Ketua PSI Deiyai, Jhon Mote, mewakili Koalisi Enaimo Anigou mengatakan, pemekaran kampung merupakan suatu harapan yang sedang dinanti-nantikan warga masyarakat dari sekian lama, belum ditindaklanjuti oleh bupati sebelumnya, walaupun banyak kampung yang layak dimekarkan.
Protes para mahasiswa yang disampaikan beberapa poin melalui aksi demo itu, hak para mahasiswa, tetapi protes terhadap rencana pemekaran kampung itu sama saja protes warga. Karena, pengusulan pemekaran kampung itu harapan murni dari warga sendiri yang telah disampaikan ke pemerintah daerah melalui dinas terkait.
"Jumlah usulan pemekaran kampung yang disampaikan ke Pemda sebanyak 400 proposal, sudah di meja dinas DPMPK sebagai dinas teknis," katanya.
Menurutnya, aksi penyampaian aspirasi itu dijamin karena sesuai dengan aturan, bebas menyampaikan aspirasi di muka umum dan lainnya, tetapi pemekaran kampung itu harapan murni dari warga sendiri yang sudah lama menantikan realisasi pemekaran kampung dari massa kepemimpinan bupati sebelumnya.
Sehingga di massa kepemimpinan Bupati Melkianus Mote dan Wakil Bupati Ayup Pigome, sedang berupaya untuk menjawab harapan murni dari warga sendiri, tentang pemekaran kampung.
"Kami juga berharap, pemerintah dapat segera berupaya untuk dapat menjawab harapan warga tentang pemekaran kampung, yang layak untuk dimekarkan," harapnya.
Usulan pemekaran kampung yang telah sampaikan melalui dinas teknis, menurutnya, pastinya akan diseleksi, uji kelayakan berdasarkan aturan. Ada kriteria pemekaran kampung, yang bisa mekarkan, hanya kampung yang memenuhi kriteria, kategori layak mekarkan kampung saja yang dimekarkan, tidak semua.
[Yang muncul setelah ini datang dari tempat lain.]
lemma special_factor_dvd_imp_elimination_resultant_eq_0:
  fixes M1 M2 :: "complex poly mat"
  assumes M1: "M1 \<in> carrier_mat n1 n1" and M2: "M2 \<in> carrier_mat n2 n2"
    and dvd: "special_factor prod_form i j \<rho> dvd char_resultant M1 M2"
    and "\<rho> \<noteq> 0" and "(i, j) \<noteq> (0, 0)"
    and pA: "char_poly (M1 ^\<^sub>m i) = [:0, 1:] ^ m * pA0" and lc: "lead_coeff pA0 = 1"
  shows "resultant pA0 (twisted_poly prod_form [:inverse \<rho>:] (char_poly (M2 ^\<^sub>m j))) = 0"
    (is "?E = 0")
proof (rule ccontr)
  assume "?E \<noteq> 0"
  define B1 where "B1 = {a. poly (lead_coeff (char_poly_x M1)) a = 0}"
  define B2 where "B2 = {b. poly (lead_coeff (char_poly_x M2)) b = 0}"
  have "finite B1" and "finite B2"
    unfolding B1_def B2_def using char_poly_x_nonzero[OF M1] char_poly_x_nonzero[OF M2]
    by (auto intro!: poly_roots_finite)
  define G where "G = {(a, b). a \<noteq> 0 \<and> special_rel prod_form i j \<rho> a b \<and> (a \<notin> B1 \<or> b \<notin> B2)}"
  have "infinite G"
    unfolding G_def by (rule infinite_special_rel_solutions) fact+
  moreover have "G \<subseteq> (\<Union>x \<in> {x. poly ?E x = 0}.
      Collect (eigenvalue (map_mat (\<lambda>p. poly p x) M1)) \<times> Collect (eigenvalue (map_mat (\<lambda>p. poly p x) M2)))"
    (is "_ \<subseteq> ?U")
  proof
    fix g
    assume "g \<in> G"
    then obtain a b where g: "g = (a, b)" and "a \<noteq> 0" and rel: "special_rel prod_form i j \<rho> a b"
      and "a \<notin> B1 \<or> b \<notin> B2"
      by (auto simp: G_def)
    then have "poly (lead_coeff (char_poly_x M1)) a \<noteq> 0 \<or> poly (lead_coeff (char_poly_x M2)) b \<noteq> 0"
      by (auto simp: B1_def B2_def)
    moreover have "poly2 (special_factor prod_form i j \<rho>) a b = 0"
      using rel by (simp add: poly2_special_factor)
    ultimately obtain x where ea: "eigenvalue (map_mat (\<lambda>p. poly p x) M1) a"
      and eb: "eigenvalue (map_mat (\<lambda>p. poly p x) M2) b"
      using special_zero_imp_common_eigenvalue_point[OF M1 M2 dvd] by blast
    moreover have "poly ?E x = 0"
      by (rule eigenvalues_at_imp_root_elimination_resultant[OF M1 M2 \<open>\<rho> \<noteq> 0\<close> pA lc ea eb \<open>a \<noteq> 0\<close> rel])
    ultimately show "g \<in> ?U"
      unfolding g by blast
  qed
  moreover have "finite (Collect (eigenvalue (map_mat (\<lambda>p. poly p x) M)))"
    if "M \<in> carrier_mat n n" for M :: "complex poly mat" and n x
    using card_finite_spectrum(1)[of "map_mat (\<lambda>p. poly p x) M" n] that by (simp add: spectrum_def)
  then have "finite ?U"
    using poly_roots_finite[OF \<open>?E \<noteq> 0\<close>] M1 M2 by blast
  ultimately show False
    using finite_subset by blast
qed

lemma elimination_resultant_eq_0_imp_special_rel_eigenvalues:
  fixes M1 M2 :: "complex poly mat" and \<psi> :: "complex poly \<Rightarrow> 'k :: alg_closed_field"
  assumes \<psi>: "inj_comm_ring_hom \<psi>"
    and M1: "M1 \<in> carrier_mat n1 n1" and M2: "M2 \<in> carrier_mat n2 n2" and "\<rho> \<noteq> 0"
    and pA: "char_poly (M1 ^\<^sub>m i) = [:0, 1:] ^ m * pA0" and "poly pA0 0 \<noteq> 0"
    and E: "resultant pA0 (twisted_poly prod_form [:inverse \<rho>:] (char_poly (M2 ^\<^sub>m j))) = 0"
  obtains la mu where "eigenvalue (map_mat \<psi> M1) la" and "eigenvalue (map_mat \<psi> M2) mu"
    and "mu ^ j \<noteq> 0" and "special_rel prod_form i j (\<psi> [:\<rho>:]) la mu"
proof -
  interpret \<psi>: inj_comm_ring_hom \<psi>
    by fact
  interpret map_\<psi>: map_poly_inj_comm_ring_hom \<psi> ..
  let ?pB = "char_poly (M2 ^\<^sub>m j)"
  let ?Q = "twisted_poly prod_form [:inverse \<rho>:] ?pB"
  obtain \<gamma> where rootA: "poly (map_poly \<psi> pA0) \<gamma> = 0" and rootQ: "poly (map_poly \<psi> ?Q) \<gamma> = 0"
    using resultant_eq_0_imp_common_root[OF \<psi> E] by blast
  have "\<gamma> \<noteq> 0"
    using rootA \<open>poly pA0 0 \<noteq> 0\<close> by auto
  have "poly (map_poly \<psi> (char_poly (M1 ^\<^sub>m i))) \<gamma> = 0"
    unfolding pA using rootA by (simp add: hom_distribs)
  then have "eigenvalue (map_mat \<psi> M1 ^\<^sub>m i) \<gamma>"
    using eigenvalue_pow_mat_map_iff[OF \<psi>.comm_ring_hom_axioms M1] by simp
  then obtain la where la: "eigenvalue (map_mat \<psi> M1) la" and "la ^ i = \<gamma>"
    using eigenvalue_pow_mat_imp_pow_eigenvalue[of "map_mat \<psi> M1" n1] M1 by auto
  have "\<psi> [:inverse \<rho>:] * \<psi> [:\<rho>:] = 1"
    using \<open>\<rho> \<noteq> 0\<close> by (simp flip: \<psi>.hom_mult add: pCons_one)
  then have inv: "\<psi> [:inverse \<rho>:] = inverse (\<psi> [:\<rho>:])"
    by (metis inverse_unique mult.commute)
  define \<beta> where "\<beta> = (if prod_form then \<psi> [:\<rho>:] / \<gamma> else \<gamma> / \<psi> [:\<rho>:])"
  have "\<beta> \<noteq> 0"
    using \<open>\<gamma> \<noteq> 0\<close> \<open>\<rho> \<noteq> 0\<close> by (simp add: \<beta>_def)
  have "lead_coeff ?pB = 1"
    using degree_monic_char_poly[of "M2 ^\<^sub>m j" n2] M2 by auto
  moreover have "\<beta> = (if prod_form then inverse (\<psi> [:inverse \<rho>:] * \<gamma>) else \<psi> [:inverse \<rho>:] * \<gamma>)"
    using \<open>\<rho> \<noteq> 0\<close> unfolding \<beta>_def inv by (simp add: field_simps)
  ultimately have "poly (map_poly \<psi> ?pB) \<beta> = 0"
    using poly_map_poly_twisted_poly[OF \<psi>.comm_ring_hom_axioms, of ?pB "[:inverse \<rho>:]" \<gamma> prod_form]
      rootQ \<open>\<gamma> \<noteq> 0\<close> \<open>\<rho> \<noteq> 0\<close> by simp
  then have "eigenvalue (map_mat \<psi> M2 ^\<^sub>m j) \<beta>"
    using eigenvalue_pow_mat_map_iff[OF \<psi>.comm_ring_hom_axioms M2] by simp
  then obtain mu where mu: "eigenvalue (map_mat \<psi> M2) mu" and "mu ^ j = \<beta>"
    using eigenvalue_pow_mat_imp_pow_eigenvalue[of "map_mat \<psi> M2" n2] M2 by auto
  have "special_rel prod_form i j (\<psi> [:\<rho>:]) la mu"
    using special_rel_iff[of "\<psi> [:\<rho>:]" la i prod_form j mu] \<open>la ^ i = \<gamma>\<close> \<open>mu ^ j = \<beta>\<close>
      \<open>\<gamma> \<noteq> 0\<close> \<open>\<rho> \<noteq> 0\<close> by (simp add: \<beta>_def)
  with la mu \<open>mu ^ j = \<beta>\<close> \<open>\<beta> \<noteq> 0\<close> that show thesis
    by blast
qed

lemma special_rel_root_of_unity_imp_not_mult_indep:
  fixes la mu r :: "'a :: field"
  assumes "N > 0" and "r ^ N = 1" and "(i, j) \<noteq> (0, 0)" and "mu ^ j \<noteq> 0"
    and rel: "special_rel prod_form i j r la mu"
  shows "\<not> mult_indep la mu"
proof -
  define s :: int where "s = (if prod_form then 1 else -1)"
  have "la ^ (i * N) * mu ^ (j * N) = 1" if prod_form
    using rel that \<open>r ^ N = 1\<close> by (simp add: special_rel_def power_mult power_mult_distrib[symmetric])
  moreover have "la ^ (i * N) = mu ^ (j * N)" if "\<not> prod_form"
    using rel that \<open>r ^ N = 1\<close> by (simp add: special_rel_def power_mult power_mult_distrib)
  moreover have "mu ^ (j * N) \<noteq> 0"
    using \<open>mu ^ j \<noteq> 0\<close> by (simp add: power_mult)
  ultimately have "la powi int (i * N) * mu powi (s * int (j * N)) = 1"
    by (auto simp: s_def power_int_minus field_simps simp del: of_nat_mult)
  moreover have "(int (i * N), s * int (j * N)) \<noteq> (0, 0)"
    using \<open>N > 0\<close> \<open>(i, j) \<noteq> (0, 0)\<close> by (auto simp: s_def)
  ultimately show ?thesis
    unfolding mult_indep_def by blast
qed

theorem no_special_factor_char_resultant:
  fixes M1 M2 :: "complex poly mat" and \<psi> :: "complex poly \<Rightarrow> 'k :: alg_closed_field"
  assumes \<psi>: "inj_comm_ring_hom \<psi>"
    and M1: "M1 \<in> carrier_mat n1 n1" and M2: "M2 \<in> carrier_mat n2 n2"
    and indep: "\<And>h1 h2. eigenvalue (map_mat \<psi> M1) h1 \<Longrightarrow> eigenvalue (map_mat \<psi> M2) h2 \<Longrightarrow>
      mult_indep h1 h2"
  shows "no_special_factor (char_resultant M1 M2)"
  unfolding no_special_factor_iff
proof (intro allI impI notI, elim conjE)
  fix prod_form i j \<rho>
  assume ij: "(i, j) \<noteq> (0, 0)" and "root_of_unity \<rho>"
    and dvd: "special_factor prod_form i j \<rho> dvd char_resultant M1 M2"
  interpret \<psi>: inj_comm_ring_hom \<psi>
    by fact
  from \<open>root_of_unity \<rho>\<close> obtain N where "N > 0" and "\<rho> ^ N = 1"
    unfolding root_of_unity_def by blast
  then have "\<rho> \<noteq> 0"
    by (metis power_0_left zero_neq_one not_gr0)
  have "lead_coeff (char_poly (M1 ^\<^sub>m i)) = 1"
    using degree_monic_char_poly[of "M1 ^\<^sub>m i" n1] M1 by auto
  \<comment> \<open>Zero roots are split off: since 0 powi k = 0 for k \<noteq> 0, a relation involving the
    eigenvalue 0 would not contradict multiplicative independence.\<close>
  then obtain m pA0 where pA: "char_poly (M1 ^\<^sub>m i) = [:0, 1:] ^ m * pA0"
    and "poly pA0 0 \<noteq> 0" and "lead_coeff pA0 = 1"
    by (rule monic_poly_strip_zero_roots)
  have "resultant pA0 (twisted_poly prod_form [:inverse \<rho>:] (char_poly (M2 ^\<^sub>m j))) = 0"
    by (rule special_factor_dvd_imp_elimination_resultant_eq_0[OF M1 M2 dvd \<open>\<rho> \<noteq> 0\<close> ij pA])
      fact
  then obtain la mu where "eigenvalue (map_mat \<psi> M1) la" and "eigenvalue (map_mat \<psi> M2) mu"
    and "mu ^ j \<noteq> 0" and rel: "special_rel prod_form i j (\<psi> [:\<rho>:]) la mu"
    by (rule elimination_resultant_eq_0_imp_special_rel_eigenvalues
        [OF \<psi> M1 M2 \<open>\<rho> \<noteq> 0\<close> pA \<open>poly pA0 0 \<noteq> 0\<close>])
  moreover have "\<psi> [:\<rho>:] ^ N = 1"
    using \<open>\<rho> ^ N = 1\<close> by (simp add: poly_const_pow pCons_one flip: \<psi>.hom_power)
  ultimately have "\<not> mult_indep la mu"
    using special_rel_root_of_unity_imp_not_mult_indep[OF \<open>N > 0\<close> _ ij] by blast
  with indep show False
    using \<open>eigenvalue (map_mat \<psi> M1) la\<close> \<open>eigenvalue (map_mat \<psi> M2) mu\<close> by blast
qed

lemma inj_comm_ring_hom_field_embedding:
  fixes \<phi> :: "complex poly fract \<Rightarrow> 'k :: field"
  assumes "field_embedding \<phi>"
  shows "inj_comm_ring_hom (\<lambda>p. \<phi> (to_fract p))"
proof -
  from assms have inj: "inj \<phi>" and one: "\<phi> 1 = 1" and add: "\<And>a b. \<phi> (a + b) = \<phi> a + \<phi> b"
    and mult: "\<And>a b. \<phi> (a * b) = \<phi> a * \<phi> b"
    unfolding field_embedding_def by auto
  have zero: "\<phi> 0 = 0"
    using add[of 0 0] by (metis add_0 add_cancel_right_right)
  have "p = q" if "\<phi> (to_fract p) = \<phi> (to_fract q)" for p q
    using injD[OF inj that] by simp
  then show ?thesis
    by unfold_locales (auto simp: add mult one zero)
qed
Selain itu, menurutnya dalam sistem pemerintahan, terutama dalam penerimaan dana pembangunan dari pemerintah pusat, pemekaran kampung, distrik, salah satu syarat penambahan penerimaan dana pusat. Karena jumlah dana pusat yang diberikan ke setiap kabupaten kota berdasarkan kepadatan penduduk dan luas wilayahnya.
"Apalagi usulan pemekaran kampung distrik sesuai aspirasi murni dari warga masyarakat Deiyai sendiri. Jika dibatalkan pemekaran kampung, dampaknya kurang bagus dalam tatanan kehidupan warga di tingkat kampung dan usulan pemekaran itu murni dari harapan warga," pungkasnya.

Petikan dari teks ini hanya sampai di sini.